Sigo sentado en el banco. Sin más aviso, en una de las cajas se produce un pequeño atasco, suena una alarma, se enciende un piloto, acude la seguridad competente. Y no, falsa alarma, nadie roba donde sobra de todo. No obstante, dicen que a los cuartos oscuros de los grandes almacenes siguen entrando randas atrapados en pequeños hurtos. No es el caso, la incidencia se debe a que un niño de unos nueve años ha tenido problemas para cruzar el Rubicón de las tarjetas de crédito. Bueno, más que el niño, el problema ha sido volumétrico, de la silla de ruedas que lo transporta. Algo se me encoge. La silla de ruedas, hay que verla, es el libro abierto de una historia triste, lleva impresa la rúbrica de ser una silla definitiva. Porque es una silla personalizada y cuando te personalizan algo, quiere decir que es para ti, para siempre. No se aprecia ningún detalle de provisionalidad, que aquí sería una bendición. Ese niño no ha tenido un accidente y por eso se ve impedido en su movilidad, no, ese niño lleva consigo algún daño más grave. En la rueda izquierda de la silla aparece encajado un plástico amarillo, y en su pi-erre-dos(en mis tiempos, el área del círculo) han pintado una cara sonriente, que sólo cuando la rueda se mueve cambia su gesto risueño por otro enfurruñado. Así, se van alternando en ese espacio circular los rictus de los trazos señalados en negro. Amarillo sobre negro, risa sobre lloro.

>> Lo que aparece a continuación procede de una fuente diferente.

text \<open>Quadro-quadric Cremona transformation f with inverse g, given by quadratic
  lifts F, G and cubic forms N, M with G(F x) = N(x) x and F(G y) = M(y) y.\<close>
definition quadro_quadric_cremona ::
  "('n::finite cvec \<Rightarrow> 'n cvec) \<Rightarrow> ('n cvec \<Rightarrow> 'n cvec) \<Rightarrow>
   ('n cvec \<Rightarrow> complex) \<Rightarrow> ('n cvec \<Rightarrow> complex) \<Rightarrow> bool" where
  "quadro_quadric_cremona F G N M \<longleftrightarrow>
     quadratic_map F \<and> quadratic_map G \<and> cubic_form N \<and> cubic_form M \<and>
     no_common_factor F \<and> no_common_factor G \<and>
     (\<exists>x. N x \<noteq> 0) \<and> (\<exists>y. M y \<noteq> 0) \<and>
     (\<forall>x. G (F x) = N x *s x) \<and> (\<forall>y. F (G y) = M y *s y)"

inductive_set poly_fun :: "('n::finite cvec \<Rightarrow> complex) set" where
  const: "(\<lambda>x. c) \<in> poly_fun"
| coord: "(\<lambda>x. x $ i) \<in> poly_fun"
| add: "p \<in> poly_fun \<Longrightarrow> q \<in> poly_fun \<Longrightarrow> (\<lambda>x. p x + q x) \<in> poly_fun"
| mult: "p \<in> poly_fun \<Longrightarrow> q \<in> poly_fun \<Longrightarrow> (\<lambda>x. p x * q x) \<in> poly_fun"

definition generic :: "('n::finite cvec \<Rightarrow> bool) \<Rightarrow> bool" where
  "generic P \<longleftrightarrow> (\<exists>p\<in>poly_fun. (\<exists>x. p x \<noteq> 0) \<and> (\<forall>x. p x \<noteq> 0 \<longrightarrow> P x))"

text \<open>Second differential of a cubic form N at x, in directions h, k (up to the
  irrelevant factor 6): the full polarization of N.\<close>
definition d2 :: "('n::finite cvec \<Rightarrow> complex) \<Rightarrow> 'n cvec \<Rightarrow> 'n cvec \<Rightarrow> 'n cvec \<Rightarrow> complex" where
  "d2 N x h k = N (x + h + k) - N (x + h) - N (x + k) - N (h + k) + N x + N h + N k"

text \<open>Affine cone of the radical R_f = V(d^2 N).\<close>
definition radical_cone :: "('n::finite cvec \<Rightarrow> complex) \<Rightarrow> 'n cvec set" where
  "radical_cone N = {x. \<forall>h k. d2 N x h k = 0}"

definition jmap :: "('n::finite cvec \<Rightarrow> 'n cvec) \<Rightarrow> ('n cvec \<Rightarrow> complex) \<Rightarrow> 'n cvec \<Rightarrow> 'n cvec" where
  "jmap F N x = inverse (N x) *s F x"

definition ideal_cond ::
  "('n::finite cvec \<Rightarrow> 'n cvec) \<Rightarrow> ('n cvec \<Rightarrow> complex) \<Rightarrow> 'n cvec set \<Rightarrow> 'n cvec set \<Rightarrow> bool" where
  "ideal_cond F N I J \<longleftrightarrow>
     generic (\<lambda>x. \<forall>e\<in>I. N x \<noteq> 0 \<longrightarrow> N (x + e) \<noteq> 0 \<longrightarrow> jmap F N (x + e) - jmap F N x \<in> J)"

definition is_ideal_pair ::
  "('n::finite cvec \<Rightarrow> 'n cvec) \<Rightarrow> ('n cvec \<Rightarrow> 'n cvec) \<Rightarrow>
   ('n cvec \<Rightarrow> complex) \<Rightarrow> ('n cvec \<Rightarrow> complex) \<Rightarrow> 'n cvec set \<Rightarrow> 'n cvec set \<Rightarrow> bool" where
  "is_ideal_pair F G N M IF IG \<longleftrightarrow>
     vec.subspace IF \<and> vec.subspace IG \<and> ideal_cond F N IF IG \<and> ideal_cond G M IG IF"

definition is_radical_ideal_pair ::
  "('n::finite cvec \<Rightarrow> 'n cvec) \<Rightarrow> ('n cvec \<Rightarrow> 'n cvec) \<Rightarrow>
   ('n cvec \<Rightarrow> complex) \<Rightarrow> ('n cvec \<Rightarrow> complex) \<Rightarrow> 'n cvec set \<Rightarrow> 'n cvec set \<Rightarrow> bool" where
  "is_radical_ideal_pair F G N M IF IG \<longleftrightarrow>
     is_ideal_pair F G N M IF IG \<and> IF \<subseteq> radical_cone N \<and> IG \<subseteq> radical_cone M"

text \<open>Affine cone of df(E_f): span of F(x+e) - F(x) - F(e).\<close>
definition dcone :: "('n::finite cvec \<Rightarrow> 'n cvec) \<Rightarrow> 'n cvec set \<Rightarrow> 'n cvec set" where
  "dcone F E = vec.span {F (x + e) - F x - F e | x e. e \<in> E}"

end

theory Submission imports Defs begin

text \<open>Along the radical a cubic form is translation invariant, N(x + e) = N(x), so
  j(x + e) - j(x) = (F(x + e) - F(x)) / N(x). For a quadratic map,
  F(x + e) - F(x) = B(x, e) + F(e) with B the polarization, which is affine in x.
  An affine map that lands in a subspace on a non-empty Zariski open set lands in it
  everywhere; evaluating at x = 0 separates F(e) from B(x, e), and both lie in the
  target subspace exactly when the span of the B(x, e) does, since F(e) = B(e, e)/2.\<close>

lemma quadratic_map_scale:
  assumes "quadratic_map F"
  shows "F (a *s x) = (a * a) *s F x"
proof -
  obtain c where F: "\<And>x. F x = (\<chi> i. \<Sum>j\<in>UNIV. \<Sum>k\<in>UNIV. c i j k * x$j * x$k)"
    using assms unfolding quadratic_map_def by blast
  have "(\<Sum>j\<in>UNIV. \<Sum>k\<in>UNIV. c i j k * (a * x $ j) * (a * x $ k)) =
         a * a * (\<Sum>j\<in>UNIV. \<Sum>k\<in>UNIV. c i j k * x $ j * x $ k)" for i
    unfolding sum_distrib_left by (intro sum.cong refl) (simp add: algebra_simps)
  then show ?thesis unfolding vec_eq_iff by (simp add: F)
qed

lemma quadratic_map_zero: "quadratic_map F \<Longrightarrow> F 0 = 0"
  using quadratic_map_scale[of F 0 0] by simp

lemma quadratic_map_eq_half_polar:
  assumes "quadratic_map F"
  shows "F e = (1/2) *s (F (e + e) - F e - F e)"
proof -
  have "e + e = (2::complex) *s e" by (simp add: vec_eq_iff)
  then have "F (e + e) = 4 *s F e" using quadratic_map_scale[OF assms, of 2 e] by simp
  then show ?thesis by (simp add: vec_eq_iff)
qed

lemma quadratic_map_polar_affine:
  assumes "quadratic_map F"
  shows "F (x + t *s w + e) - F (x + t *s w) = F (x + e) - F x + t *s (F (w + e) - F w - F e)"
proof -
  obtain c where F: "\<And>x. F x = (\<chi> i. \<Sum>j\<in>UNIV. \<Sum>k\<in>UNIV. c i j k * x$j * x$k)"
    using assms unfolding quadratic_map_def by blast
  show ?thesis
    unfolding vec_eq_iff
    by (simp add: F sum_subtractf[symmetric] sum.distrib[symmetric] sum_distrib_left)
      (intro allI sum.cong refl, simp add: algebra_simps)
qed

lemma cubic_form_taylor:
  assumes "cubic_form N"
  shows "6 * (N (x + e) - N x) = 3 * d2 N e x x + 3 * d2 N e e x + d2 N e e e"
proof -
  obtain c where N: "\<And>x. N x = (\<Sum>i\<in>UNIV. \<Sum>j\<in>UNIV. \<Sum>k\<in>UNIV. c i j k * x$i * x$j * x$k)"
    using assms unfolding cubic_form_def by blast
  show ?thesis
    unfolding d2_def
    by (simp add: N sum_subtractf[symmetric] sum.distrib[symmetric] sum_distrib_left)
      (intro sum.cong refl, simp add: algebra_simps)
qed

lemma cubic_form_translate_radical:
  assumes "cubic_form N" "e \<in> radical_cone N"
  shows "N (x + e) = N x"
  using cubic_form_taylor[OF assms(1), of x e] assms(2) unfolding radical_cone_def by simp

lemma poly_fun_sum:
  "finite A \<Longrightarrow> (\<And>a. a \<in> A \<Longrightarrow> f a \<in> poly_fun) \<Longrightarrow> (\<lambda>x. \<Sum>a\<in>A. f a x) \<in> poly_fun"
proof (induction A rule: finite_induct)
  case empty
  then show ?case using poly_fun.const[of 0] by simp
next
  case (insert a A)
  then show ?case using poly_fun.add[of "f a" "\<lambda>x. \<Sum>a\<in>A. f a x"] by simp
qed

lemma cubic_form_poly_fun:
  assumes "cubic_form N"
  shows "N \<in> poly_fun"
proof -
  obtain c where "N = (\<lambda>x. \<Sum>i\<in>UNIV. \<Sum>j\<in>UNIV. \<Sum>k\<in>UNIV. c i j k * x$i * x$j * x$k)"
    using assms unfolding cubic_form_def by blast
  then show ?thesis
    by (simp, intro poly_fun_sum poly_fun.mult poly_fun.const poly_fun.coord) auto
qed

¿Y el niño? El niño, mientras sus padres pagan, mira los adornos del techo y mueve las manos hacia arriba, como queriendo coger las estrellas, luces rutilantes por mor de algún patrocinio nada celestial, lo mismo de unas empanadillas rellenas de alfalfa que de un jamón de pavo. Sólo cuando pasan a su lado otros niños sin silla de ruedas, sin plástico amarillo, sin una silueta negra, sólo entonces, compruebo, el niño se olvida del firmamento y regresa a la Tierra., para ver a otros niños correr, andar, moverse. Este niño me ha puesto la tarde patas arriba, siento la necesidad de escribir todo esto, de acordarme de su imagen. ¿Cómo podría olvidarme de él? ¿Cómo se hace eso? Observo a la gente, van deprisa, todos a lo suyo, indolentes, alguno echa el ojo a la silla, intuye o entiende el drama. Y huye. Y me pongo aún peor ¿Por qué somos así? ¿Por qué no hay ahora mismo, aquí, una manifestación contra el problema de este niño? Nos manifestamos por los que no han nacido, por los que han muerto y ¿arrojamos la indiferencia al dolor de quienes no pueden tener una vida normal?

Me nacen tres pesares. Uno es por esa indiferencia, de la que soy parte interesada. Otro, por la impotencia manifiesta. El tercero, porque tiene narices descubrir, como sin querer, cosas tan tremendas, tan obvias. Y aún más: estoy seguro, porque me conozco, que si este niño no tuviera ese problema, si anduviera normalmente y, al pasar a mi lado, me hubiera pisado, yo me habría enfadado. Seguro, le reprocharía su torpeza hasta clamar el regreso de Herodes. Sin embargo, ahora quisiera que este niño me pisara cuantas veces le diera la gana. antes de salir corriendo. Más me digo: ojalá pudieran pisarme todos los niños del mundo aparcados en sus sillas.

Me levanto y me voy. Por favor, que alguien me pise.